После этого Кандыбу бросили в камеру, и несколько часов он провел взаперти, на холоде, боясь пошевелиться, чтобы не потревожить изуродованное тело.
Изредка он взвизгивал и подвывал. Но визг был слабым…
В семь часов вечера за Кандыбой пришли. Его заставили надеть какое-то подобие халата. Связали ему руки. Вывели во двор. Тут, во дворе, Кандыба увидел кучку немецких офицеров в черных мундирах. Одного Кандыба знал. Это был сам штурмбаннфюрер Раббе. Потом Кандыба заметил виселицу. И сообразил, что его ведут к виселице. Ноги у Кандыбы подвернулись. Он упал бы, но солдаты ловко подхватили Кандыбу под руки, быстро поволокли через двор.
— У-у-у-у… — тихонько выл Кандыба.
Солдаты остановились.
— Что такое? — услышал Кандыба голос одного из офицеров.
— Воняет он, господин штурмбаннфюрер! — злобно откликнулся солдат.
— Кончайте!
— Слушаюсь!..
Кандыбу приволокли к виселице.
— Не мене! — тонко завыл Кандыба, почувствовав, как охватывает шею шершавая петля. — Я скажу!
— Хорек обгаженный! — сквозь зубы процедил солдат.
Кандыба на миг умолк, судорожно соображая, кого еще он может предать, что еще сказать, чтобы избежать гибели.
В этот миг солдаты отступили. Один вышиб из-под ног Кандыбы табурет, второй обхватил туловище предателя, повис на нем и выпустил дергающееся тело лишь после того, как услышал хруст позвонков.
Офицеры приблизились к трупу. Раббе привстал на цыпочки, завернул веко повешенного, опустился, отряхнул перчатку, кивнул.
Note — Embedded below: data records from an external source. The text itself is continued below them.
lemma card_admissible_entries: "Z * (m + 1) - i * j \<le> card (admissible_entries m Z i j P L)"
proof -
  define forbidden where "forbidden = (\<lambda>(i1, j1). {(a, b). a \<le> m \<and> b < Z \<and>
    active Z (P(i := (P i)(j := a))) (L(i := (L i)(j := b))) i1 i j1 j})"
  let ?F = "\<Union>c\<in>{..<i} \<times> {..<j}. forbidden c"
  have "finite ?F"
    by (rule finite_subset[of _ "{..m} \<times> {..<Z}"]) (auto simp: forbidden_def)
  have "card ?F \<le> (\<Sum>c\<in>{..<i} \<times> {..<j}. card (forbidden c))"
    by (rule card_UN_le) simp
  also have "\<dots> \<le> (\<Sum>c\<in>{..<i} \<times> {..<j}. 1)"
    using card_active_completions_le_1 by (intro sum_mono) (auto simp: forbidden_def)
  finally have "card ?F \<le> i * j"
    by simp
  moreover have "card ({..m} \<times> {..<Z}) = Z * (m + 1)"
    by simp
  ultimately have "Z * (m + 1) - i * j \<le> card ({..m} \<times> {..<Z}) - card ?F"
    by linarith
  also have "\<dots> \<le> card ({..m} \<times> {..<Z} - ?F)"
    using \<open>finite ?F\<close> by (rule diff_card_le_card_Diff)
  also have "{..m} \<times> {..<Z} - ?F = admissible_entries m Z i j P L"
    by (auto simp: admissible_entries_def forbidden_def)
  finally show ?thesis .
qed

lemma extend_prefix_filling:
  assumes "i < g" and "j < k"
    and PL: "(P, L) \<in> prefix_fillings g k m Z (i * k + j)"
    and ab: "(a, b) \<in> admissible_entries m Z i j P L"
  shows "(P(i := (P i)(j := a)), L(i := (L i)(j := b))) \<in> prefix_fillings g k m Z (Suc (i * k + j))"
proof -
  let ?P = "P(i := (P i)(j := a))" and ?L = "L(i := (L i)(j := b))"
  let ?old = "in_prefix g k (i * k + j)" and ?new = "in_prefix g k (Suc (i * k + j))"
  have new_cells: "?new i' j' \<longleftrightarrow> ?old i' j' \<or> (i' = i \<and> j' = j)" for i' j'
    using in_prefix_Suc[OF \<open>j < k\<close>] \<open>i < g\<close> by blast
  have old_bounds: "P i' j' \<le> m \<and> L i' j' < Z" if "?old i' j'" for i' j'
    using PL that by (simp add: prefix_fillings_def)
  have old_zeros: "P i' j' = 0 \<and> L i' j' = 0" if "\<not> ?old i' j'" for i' j'
    using PL that by (simp add: prefix_fillings_def)
  have old_inactive: "\<not> active Z P L i1 i2 j1 j2" if "i1 < i2" "j1 < j2" "?old i2 j2" for i1 i2 j1 j2
    using PL that by (simp add: prefix_fillings_def)
  have "\<not> ?old i j"
    by (simp add: in_prefix_def)
  have "\<not> active Z ?P ?L i1 i2 j1 j2" if "i1 < i2" and "j1 < j2" and "?new i2 j2" for i1 i2 j1 j2
  proof (cases "?old i2 j2")
    case True
    then have "?old i1 j1" "?old i1 j2" "?old i2 j1"
      using in_prefix_corners[OF True that(1,2)] by auto
    then have "(i1, j1) \<noteq> (i, j)" "(i1, j2) \<noteq> (i, j)" "(i2, j1) \<noteq> (i, j)" "(i2, j2) \<noteq> (i, j)"
      using True \<open>\<not> ?old i j\<close> by auto
    then have "active Z ?P ?L i1 i2 j1 j2 \<longleftrightarrow> active Z P L i1 i2 j1 j2"
      unfolding active_def by auto
    with old_inactive[OF that(1,2) True] show ?thesis
      by simp
  next
    case False
    with that(3) new_cells have "i2 = i" "j2 = j"
      by auto
    with that(1,2) ab show ?thesis
      unfolding admissible_entries_def by blast
  qed
  moreover have "?P i' j' \<le> m \<and> ?L i' j' < Z" if "?new i' j'" for i' j'
    using that ab new_cells[of i' j'] old_bounds[of i' j'] by (auto simp: admissible_entries_def)
  moreover have "?P i' j' = 0 \<and> ?L i' j' = 0" if "\<not> ?new i' j'" for i' j'
    using that new_cells[of i' j'] old_zeros[of i' j'] by auto
  ultimately show ?thesis
    by (simp add: prefix_fillings_def)
qed

lemma inj_on_extend_prefix_filling:
  "inj_on (\<lambda>((P, L), (a, b)). (P(i := (P i)(j := a)), L(i := (L i)(j := b))))
     (prefix_fillings g k m Z (i * k + j) \<times> UNIV)"
proof (rule inj_onI, clarsimp)
  fix P L a b P' L' a' b'
  assume PL: "(P, L) \<in> prefix_fillings g k m Z (i * k + j)"
    and PL': "(P', L') \<in> prefix_fillings g k m Z (i * k + j)"
    and eqP: "P(i := (P i)(j := a)) = P'(i := (P' i)(j := a'))"
    and eqL: "L(i := (L i)(j := b)) = L'(i := (L' i)(j := b'))"
  have "P i j = 0" "L i j = 0" "P' i j = 0" "L' i j = 0"
    using PL PL' by (auto simp: prefix_fillings_def in_prefix_def)
  moreover have "a = a'" "b = b'"
    using fun_cong[OF fun_cong[OF eqP, of i], of j] fun_cong[OF fun_cong[OF eqL, of i], of j] by simp_all
  ultimately show "P = P' \<and> L = L' \<and> a = a' \<and> b = b'"
    using eqP eqL by (auto simp: fun_eq_iff split: if_splits) metis+
qed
Итак, один из виновных в гибели группы Гинцлера наказан. По крайней мере есть о чем сообщить в Будапешт. А майор Вольф пожалеет, что не хотел слушать советов и пытался опорочить службу безопасности. Конечно, показания такой личности, как Кандыба, доверия руководству не внушат. Но только в том случае, если останутся единственными…
«Самоуверенный болван! — раздраженно подумал Раббе о начальнике разведки. — Выпустил из рук такого пленного! Прозевали по его милости такой десант!»
Штурмбаннфюрер, ознакомившись с показаниями ксендза Алоиза Тормы, был убежден, что русские забросили в тыл армии не меньше роты парашютистов. Количество взятого у ксендза продовольствия ясно говорило о составе десанта. И вот теперь по милости самоуверенного болвана Вольфа попробуй ликвидировать банду, успевшую уйти из района приземления!..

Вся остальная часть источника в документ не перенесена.